(* In every approval-based SCV instance, every committee maximizing the IW-PAV score among all committees satisfies IW-JR.
   Context: An approval-based sub-committee voting (SCV) instance consists of a set of voters $N=\{1,\ldots,n\}$, a finite set of candidates $C$ partitioned into candidate subsets $C_1,\ldots,C_\ell$, positive integer quotas $k_j\le |C_j|$, and approval ballots $A_i\subseteq C$ for $i\in N$. A committee is a set $W\subseteq C$ with $|W\cap C_j|=k_j$ for every $j$. Let $r(0)=0$ and $r(t)=\sum_{p=1}^t 1/p$ for $t\ge1$. The IW-PAV score of $W$ is $\sum_{j=1}^\ell\sum_{i\in N} r(|W\cap A_i\cap C_j|)$. $W$ satisfies Intra-wise JR (IW-JR) if for every $X\subseteq N$ and every $j$, whenever $|X|\ge n/k_j$ and $|(\bigcap_{i\in X}A_i)\cap C_j|\ge 1$, we have $|W\cap C_j\cap \bigcup_{i\in X}A_i|\ge 1$. *)

theory Defs
  imports Main Complex_Main
begin

text \<open>Approval-based sub-committee voting (SCV). Voters are N = {1..n},
candidate subsets are indexed by j in {1..l} (given by Cs j), quotas are k j,
and ballots are A i.\<close>

definition scv_instance ::
  "nat \<Rightarrow> 'c set \<Rightarrow> nat \<Rightarrow> (nat \<Rightarrow> 'c set) \<Rightarrow> (nat \<Rightarrow> nat) \<Rightarrow> (nat \<Rightarrow> 'c set) \<Rightarrow> bool" where
  "scv_instance n C l Cs k A \<longleftrightarrow>
     n \<ge> 1 \<and> finite C \<and>
     (\<Union>j\<in>{1..l}. Cs j) = C \<and>
     (\<forall>j\<in>{1..l}. \<forall>j'\<in>{1..l}. j \<noteq> j' \<longrightarrow> Cs j \<inter> Cs j' = {}) \<and>
     (\<forall>j\<in>{1..l}. Cs j \<noteq> {}) \<and>
     (\<forall>j\<in>{1..l}. 1 \<le> k j \<and> k j \<le> card (Cs j)) \<and>
     (\<forall>i\<in>{1..n}. A i \<subseteq> C)"

definition committee ::
  "'c set \<Rightarrow> nat \<Rightarrow> (nat \<Rightarrow> 'c set) \<Rightarrow> (nat \<Rightarrow> nat) \<Rightarrow> 'c set \<Rightarrow> bool" where
  "committee C l Cs k W \<longleftrightarrow> W \<subseteq> C \<and> (\<forall>j\<in>{1..l}. card (W \<inter> Cs j) = k j)"

definition harm :: "nat \<Rightarrow> real" where
  "harm t = (\<Sum>p\<in>{1..t}. 1 / real p)"

definition iw_pav_score ::
  "nat \<Rightarrow> nat \<Rightarrow> (nat \<Rightarrow> 'c set) \<Rightarrow> (nat \<Rightarrow> 'c set) \<Rightarrow> 'c set \<Rightarrow> real" where
  "iw_pav_score n l Cs A W = (\<Sum>j\<in>{1..l}. \<Sum>i\<in>{1..n}. harm (card (W \<inter> A i \<inter> Cs j)))"

definition iw_jr ::
  "nat \<Rightarrow> nat \<Rightarrow> (nat \<Rightarrow> 'c set) \<Rightarrow> (nat \<Rightarrow> nat) \<Rightarrow> (nat \<Rightarrow> 'c set) \<Rightarrow> 'c set \<Rightarrow> bool" where
  "iw_jr n l Cs k A W \<longleftrightarrow>
     (\<forall>X. X \<subseteq> {1..n} \<longrightarrow> (\<forall>j\<in>{1..l}.
        (real (card X) \<ge> real n / real (k j) \<and> card ((\<Inter>i\<in>X. A i) \<inter> Cs j) \<ge> 1)
        \<longrightarrow> card (W \<inter> Cs j \<inter> (\<Union>i\<in>X. A i)) \<ge> 1))"

end

theory Submission
  imports Defs
begin

text \<open>Suppose a group X of at least n/k_j voters commonly approves some c in C_j, yet none of
them approves any winner in S = W \<inter> C_j. Removing w from S costs each voter i approving w exactly
1/|S \<inter> A_i|, so summed over all w in S the cost is the number of voters approving somebody in S,
at most n - |X|. Hence some w costs at most (n - |X|)/k_j < |X|, while replacing w by c gains
every member of X a full point: the score strictly increases.\<close>

definition marginal_loss :: "'c set \<Rightarrow> 'c set \<Rightarrow> 'c \<Rightarrow> real" where
  "marginal_loss S B w = (if w \<in> B then 1 / real (card (S \<inter> B)) else 0)"

lemma harm_Suc: "harm (Suc t) = harm t + 1 / real (Suc t)"
  unfolding harm_def by simp

lemma harm_mono: "s \<le> t \<Longrightarrow> harm s \<le> harm t"
  unfolding harm_def by (rule sum_mono2) auto

lemma harm_0 [simp]: "harm 0 = 0"
  unfolding harm_def by simp

lemma harm_remove:
  assumes "finite S" and "w \<in> S"
  shows "harm (card ((S - {w}) \<inter> B)) = harm (card (S \<inter> B)) - marginal_loss S B w"
proof (cases "w \<in> B")
  case True
  have "(S - {w}) \<inter> B = (S \<inter> B) - {w}" by auto
  moreover have "card (S \<inter> B) = Suc (card ((S \<inter> B) - {w}))"
    using assms True by (simp add: card_Suc_Diff1 del: card_Diff_insert)
  ultimately show ?thesis
    using True by (simp add: marginal_loss_def harm_Suc)
next
  case False
  then have "(S - {w}) \<inter> B = S \<inter> B" by auto
  then show ?thesis
    using False by (simp add: marginal_loss_def)
qed

lemma sum_marginal_loss:
  assumes "finite S" and "finite I"
  shows "(\<Sum>w\<in>S. \<Sum>i\<in>I. marginal_loss S (A i) w) = real (card {i\<in>I. S \<inter> A i \<noteq> {}})"
proof -
  have voter: "(\<Sum>w\<in>S. marginal_loss S (A i) w) = (if S \<inter> A i \<noteq> {} then 1 else 0)" for i
  proof -
    have "(\<Sum>w\<in>S. marginal_loss S (A i) w) = (\<Sum>w\<in>S \<inter> A i. 1 / real (card (S \<inter> A i)))"
      unfolding marginal_loss_def using assms(1)
      by (simp add: sum.If_cases Int_def)
    also have "\<dots> = (if S \<inter> A i \<noteq> {} then 1 else 0)"
      using assms(1) by (cases "S \<inter> A i = {}") auto
    finally show ?thesis .
  qed
  have "(\<Sum>w\<in>S. \<Sum>i\<in>I. marginal_loss S (A i) w) = (\<Sum>i\<in>I. \<Sum>w\<in>S. marginal_loss S (A i) w)"
    by (rule sum.swap)
  also have "\<dots> = (\<Sum>i\<in>I. if S \<inter> A i \<noteq> {} then 1 else 0)"
    by (simp add: voter)
  finally show ?thesis
    using assms(2) by (simp add: sum.inter_filter[symmetric])
qed

lemma ex_le_average:
  fixes f :: "'a \<Rightarrow> real"
  assumes "finite S" and "S \<noteq> {}"
  shows "\<exists>x\<in>S. f x * real (card S) \<le> sum f S"
proof -
  have "Min (f ` S) \<in> f ` S"
    using assms by simp
  then obtain x where "x \<in> S" and "f x = Min (f ` S)"
    by (metis imageE)
  then have "\<forall>y\<in>S. f x \<le> f y"
    using assms(1) by simp
  then show ?thesis
    using \<open>x \<in> S\<close> sum_bounded_below[of S "f x" f] by (auto simp: mult.commute)
qed

lemma ex_cheap_member:
  assumes "finite S" and "S \<noteq> {}" and "finite I"
  shows "\<exists>w\<in>S. (\<Sum>i\<in>I. marginal_loss S (A i) w) * real (card S)
                 \<le> real (card {i\<in>I. S \<inter> A i \<noteq> {}})"
  using ex_le_average[OF assms(1,2), of "\<lambda>w. \<Sum>i\<in>I. marginal_loss S (A i) w"]
    sum_marginal_loss[OF assms(1,3)] by simp

lemma ex_member_loss_less:
  assumes "finite S" and "S \<noteq> {}" and "X \<subseteq> {1..n}" and "X \<noteq> {}"
    and "n \<le> card X * card S" and "\<forall>i\<in>X. S \<inter> A i = {}"
  shows "\<exists>w\<in>S. (\<Sum>i\<in>{1..n}. marginal_loss S (A i) w) < real (card X)"
proof -
  obtain w where "w \<in> S" and cheap: "(\<Sum>i\<in>{1..n}. marginal_loss S (A i) w) * real (card S)
      \<le> real (card {i\<in>{1..n}. S \<inter> A i \<noteq> {}})"
    using ex_cheap_member[OF assms(1,2)] by blast
  have "card {i\<in>{1..n}. S \<inter> A i \<noteq> {}} \<le> card ({1..n} - X)"
    using assms(6) by (intro card_mono) auto
  also have "\<dots> = n - card X"
    using assms(3) by (simp add: card_Diff_subset finite_subset)
  also have "\<dots> < card X * card S"
  proof -
    have "card X > 0" and "card X * card S > 0"
      using assms(1-4) finite_subset[OF assms(3)] by (simp_all add: card_gt_0_iff)
    then show ?thesis
      using assms(5) by linarith
  qed
  finally have "real (card {i\<in>{1..n}. S \<inter> A i \<noteq> {}}) < real (card X) * real (card S)"
    by (simp only: of_nat_mult[symmetric] of_nat_less_iff)
  with cheap have "(\<Sum>i\<in>{1..n}. marginal_loss S (A i) w) * real (card S) < real (card X) * real (card S)"
    by linarith
  then show ?thesis
    using \<open>w \<in> S\<close> by (meson mult_right_less_imp_less of_nat_0_le_iff)
qed

lemma committee_part:
  assumes "scv_instance n C l Cs k A" and "committee C l Cs k W" and "j \<in> {1..l}"
  shows "finite (W \<inter> Cs j)" and "card (W \<inter> Cs j) = k j" and "k j \<ge> 1"
proof -
  show "finite (W \<inter> Cs j)"
    using assms(1,2) unfolding scv_instance_def committee_def by (meson finite_Int finite_subset)
  show "card (W \<inter> Cs j) = k j"
    using assms(2,3) unfolding committee_def by auto
  show "k j \<ge> 1"
    using assms(1,3) unfolding scv_instance_def by auto
qed

lemma iw_pav_score_diff_one_part:
  assumes "j \<in> {1..l}" and "\<forall>j'\<in>{1..l} - {j}. W' \<inter> Cs j' = W \<inter> Cs j'"
  shows "iw_pav_score n l Cs A W' - iw_pav_score n l Cs A W
       = (\<Sum>i\<in>{1..n}. harm (card (W' \<inter> A i \<inter> Cs j)) - harm (card (W \<inter> A i \<inter> Cs j)))"
proof -
  define g where "g V j' = (\<Sum>i\<in>{1..n}. harm (card (V \<inter> A i \<inter> Cs j')))" for V j'
  have "g W' j' = g W j'" if "j' \<in> {1..l} - {j}" for j'
  proof -
    have "W' \<inter> A i \<inter> Cs j' = W \<inter> A i \<inter> Cs j'" for i
      using assms(2) that by blast
    then show ?thesis
      unfolding g_def by simp
  qed
  then have "(\<Sum>j'\<in>{1..l} - {j}. g W' j') = (\<Sum>j'\<in>{1..l} - {j}. g W j')"
    by (rule sum.cong[OF refl])
  then have "iw_pav_score n l Cs A W' - iw_pav_score n l Cs A W = g W' j - g W j"
    unfolding iw_pav_score_def g_def[symmetric]
    using sum.remove[OF _ assms(1), of "g W'"] sum.remove[OF _ assms(1), of "g W"] by simp
  then show ?thesis
    unfolding g_def by (simp add: sum_subtractf)
qed

lemma committee_swap:
  assumes "scv_instance n C l Cs k A" and "committee C l Cs k W" and "j \<in> {1..l}"
    and "w \<in> W \<inter> Cs j" and "c \<in> Cs j - W"
  shows "committee C l Cs k (insert c (W - {w}))"
  unfolding committee_def
proof (intro conjI ballI)
  have disjoint: "\<forall>j'\<in>{1..l}. j' \<noteq> j \<longrightarrow> Cs j \<inter> Cs j' = {}" and "Cs j \<subseteq> C"
    using assms(1,3) unfolding scv_instance_def by blast+
  then show "insert c (W - {w}) \<subseteq> C"
    using assms(2,5) unfolding committee_def by blast
  fix j' assume j': "j' \<in> {1..l}"
  note part = committee_part[OF assms(1-3)]
  show "card (insert c (W - {w}) \<inter> Cs j') = k j'"
  proof (cases "j' = j")
    case True
    then have "insert c (W - {w}) \<inter> Cs j' = insert c ((W \<inter> Cs j) - {w})"
      using assms(5) by auto
    with True show ?thesis
      using assms(4,5) part by simp
  next
    case False
    then have "insert c (W - {w}) \<inter> Cs j' = W \<inter> Cs j'"
      using disjoint j' assms(4,5) by blast
    with committee_part(2)[OF assms(1,2) j'] show ?thesis by simp
  qed
qed

text \<open>Replacing w by c: every voter of X goes from 0 to 1 point in part j, every other voter
loses at most its marginal loss.\<close>

lemma iw_pav_score_swap_gain:
  assumes "scv_instance n C l Cs k A" and "committee C l Cs k W" and "j \<in> {1..l}"
    and "X \<subseteq> {1..n}" and "c \<in> Cs j" and "\<forall>i\<in>X. c \<in> A i"
    and "\<forall>i\<in>X. W \<inter> Cs j \<inter> A i = {}" and "w \<in> W \<inter> Cs j"
  shows "iw_pav_score n l Cs A (insert c (W - {w})) - iw_pav_score n l Cs A W
       \<ge> real (card X) - (\<Sum>i\<in>{1..n}. marginal_loss (W \<inter> Cs j) (A i) w)"
proof -
  define S where "S = W \<inter> Cs j"
  define W' where "W' = insert c (W - {w})"
  have finS: "finite S"
    unfolding S_def by (rule committee_part(1)[OF assms(1-3)])
  have disjoint: "\<forall>j'\<in>{1..l} - {j}. Cs j \<inter> Cs j' = {}"
    using assms(1,3) unfolding scv_instance_def by blast
  then have "\<forall>j'\<in>{1..l} - {j}. W' \<inter> Cs j' = W \<inter> Cs j'"
    unfolding W'_def using assms(5,8) by blast
  note diff = iw_pav_score_diff_one_part[OF assms(3) this]
  have W'_part: "W' \<inter> A i \<inter> Cs j = insert c (S - {w}) \<inter> A i" for i
    unfolding W'_def S_def using assms(5) by auto
  have voter: "harm (card (W' \<inter> A i \<inter> Cs j)) - harm (card (W \<inter> A i \<inter> Cs j))
      \<ge> (if i \<in> X then 1 else 0) - marginal_loss S (A i) w" for i
  proof (cases "i \<in> X")
    case True
    then have "W' \<inter> A i \<inter> Cs j = {c}" "W \<inter> A i \<inter> Cs j = {}" "w \<notin> A i"
      using assms(6-8) W'_part unfolding S_def by auto
    then show ?thesis
      using True by (simp add: marginal_loss_def harm_Suc)
  next
    case False
    have "card ((S - {w}) \<inter> A i) \<le> card (W' \<inter> A i \<inter> Cs j)"
      unfolding W'_part using finS by (intro card_mono) auto
    then have "harm (card (S \<inter> A i)) - marginal_loss S (A i) w \<le> harm (card (W' \<inter> A i \<inter> Cs j))"
      using harm_mono harm_remove[OF finS] assms(8) unfolding S_def by metis
    moreover have "W \<inter> A i \<inter> Cs j = S \<inter> A i"
      unfolding S_def by blast
    ultimately show ?thesis
      using False by simp
  qed
  have "real (card X) - (\<Sum>i\<in>{1..n}. marginal_loss S (A i) w)
      = (\<Sum>i\<in>{1..n}. (if i \<in> X then 1 else 0) - marginal_loss S (A i) w)"
    using assms(4) by (simp add: sum_subtractf sum.If_cases Int_absorb1)
  also have "\<dots> \<le> iw_pav_score n l Cs A W' - iw_pav_score n l Cs A W"
    unfolding diff by (rule sum_mono) (rule voter)
  finally show ?thesis
    unfolding S_def W'_def .
qed

theorem mainTheorem9:
  fixes n l :: nat and C :: "'c set" and Cs A :: "nat \<Rightarrow> 'c set" and k :: "nat \<Rightarrow> nat"
    and W :: "'c set"
  assumes "scv_instance n C l Cs k A"
    and "committee C l Cs k W"
    and "\<forall>W'. committee C l Cs k W' \<longrightarrow> iw_pav_score n l Cs A W' \<le> iw_pav_score n l Cs A W"
  shows "iw_jr n l Cs k A W"
  unfolding iw_jr_def
proof (intro allI impI ballI, elim conjE, rule ccontr)
  fix X j
  assume X: "X \<subseteq> {1..n}" and j: "j \<in> {1..l}" and large: "real n / real (k j) \<le> real (card X)"
    and common: "card ((\<Inter>i\<in>X. A i) \<inter> Cs j) \<ge> 1"
    and "\<not> card (W \<inter> Cs j \<inter> (\<Union>i\<in>X. A i)) \<ge> 1"
  define S where "S = W \<inter> Cs j"
  note part = committee_part[OF assms(1,2) j, folded S_def]
  have "S \<inter> (\<Union>i\<in>X. A i) = {}"
    using \<open>\<not> _ \<ge> 1\<close> part(1) unfolding S_def by (simp add: not_less_eq_eq)
  then have unrepresented: "\<forall>i\<in>X. S \<inter> A i = {}"
    by blast
  have "(\<Inter>i\<in>X. A i) \<inter> Cs j \<noteq> {}"
    using common by (metis card.empty not_one_le_zero)
  then obtain c where "c \<in> Cs j" and c_common: "\<forall>i\<in>X. c \<in> A i"
    by blast
  have "n \<le> card X * card S"
    using large part(2,3) by (simp add: divide_le_eq flip: of_nat_mult)
  moreover have "n \<ge> 1"
    using assms(1) unfolding scv_instance_def by simp
  ultimately have "X \<noteq> {}" and "S \<noteq> {}"
    by auto
  then obtain w where "w \<in> S" and loss_small: "(\<Sum>i\<in>{1..n}. marginal_loss S (A i) w) < real (card X)"
    using ex_member_loss_less[OF part(1) _ X _ \<open>n \<le> card X * card S\<close> unrepresented] by blast
  have "c \<in> Cs j - W"
    using unrepresented c_common \<open>c \<in> Cs j\<close> \<open>X \<noteq> {}\<close> unfolding S_def by blast
  note unrepresented_W = unrepresented[unfolded S_def] and w_part = \<open>w \<in> S\<close>[unfolded S_def]
  have "committee C l Cs k (insert c (W - {w}))"
    by (rule committee_swap[OF assms(1,2) j w_part \<open>c \<in> Cs j - W\<close>])
  moreover have "iw_pav_score n l Cs A (insert c (W - {w})) > iw_pav_score n l Cs A W"
    using iw_pav_score_swap_gain[OF assms(1,2) j X \<open>c \<in> Cs j\<close> c_common unrepresented_W w_part]
      loss_small unfolding S_def by linarith
  ultimately show False
    using assms(3) by (meson not_le)
qed

end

> _What needs to be done_
Every line above from the line with "unfolding harm_def by (rule sum_mono2) auto" to the line with "B = (S \<inter>", both included, must be reproduced exactly, and no other line may appear.

> _Written reply_
  unfolding harm_def by (rule sum_mono2) auto

lemma harm_0 [simp]: "harm 0 = 0"
  unfolding harm_def by simp

lemma harm_remove:
  assumes "finite S" and "w \<in> S"
  shows "harm (card ((S - {w}) \<inter> B)) = harm (card (S \<inter> B)) - marginal_loss S B w"
proof (cases "w \<in> B")
  case True
  have "(S - {w}) \<inter> B = (S \<inter> B) - {w}" by auto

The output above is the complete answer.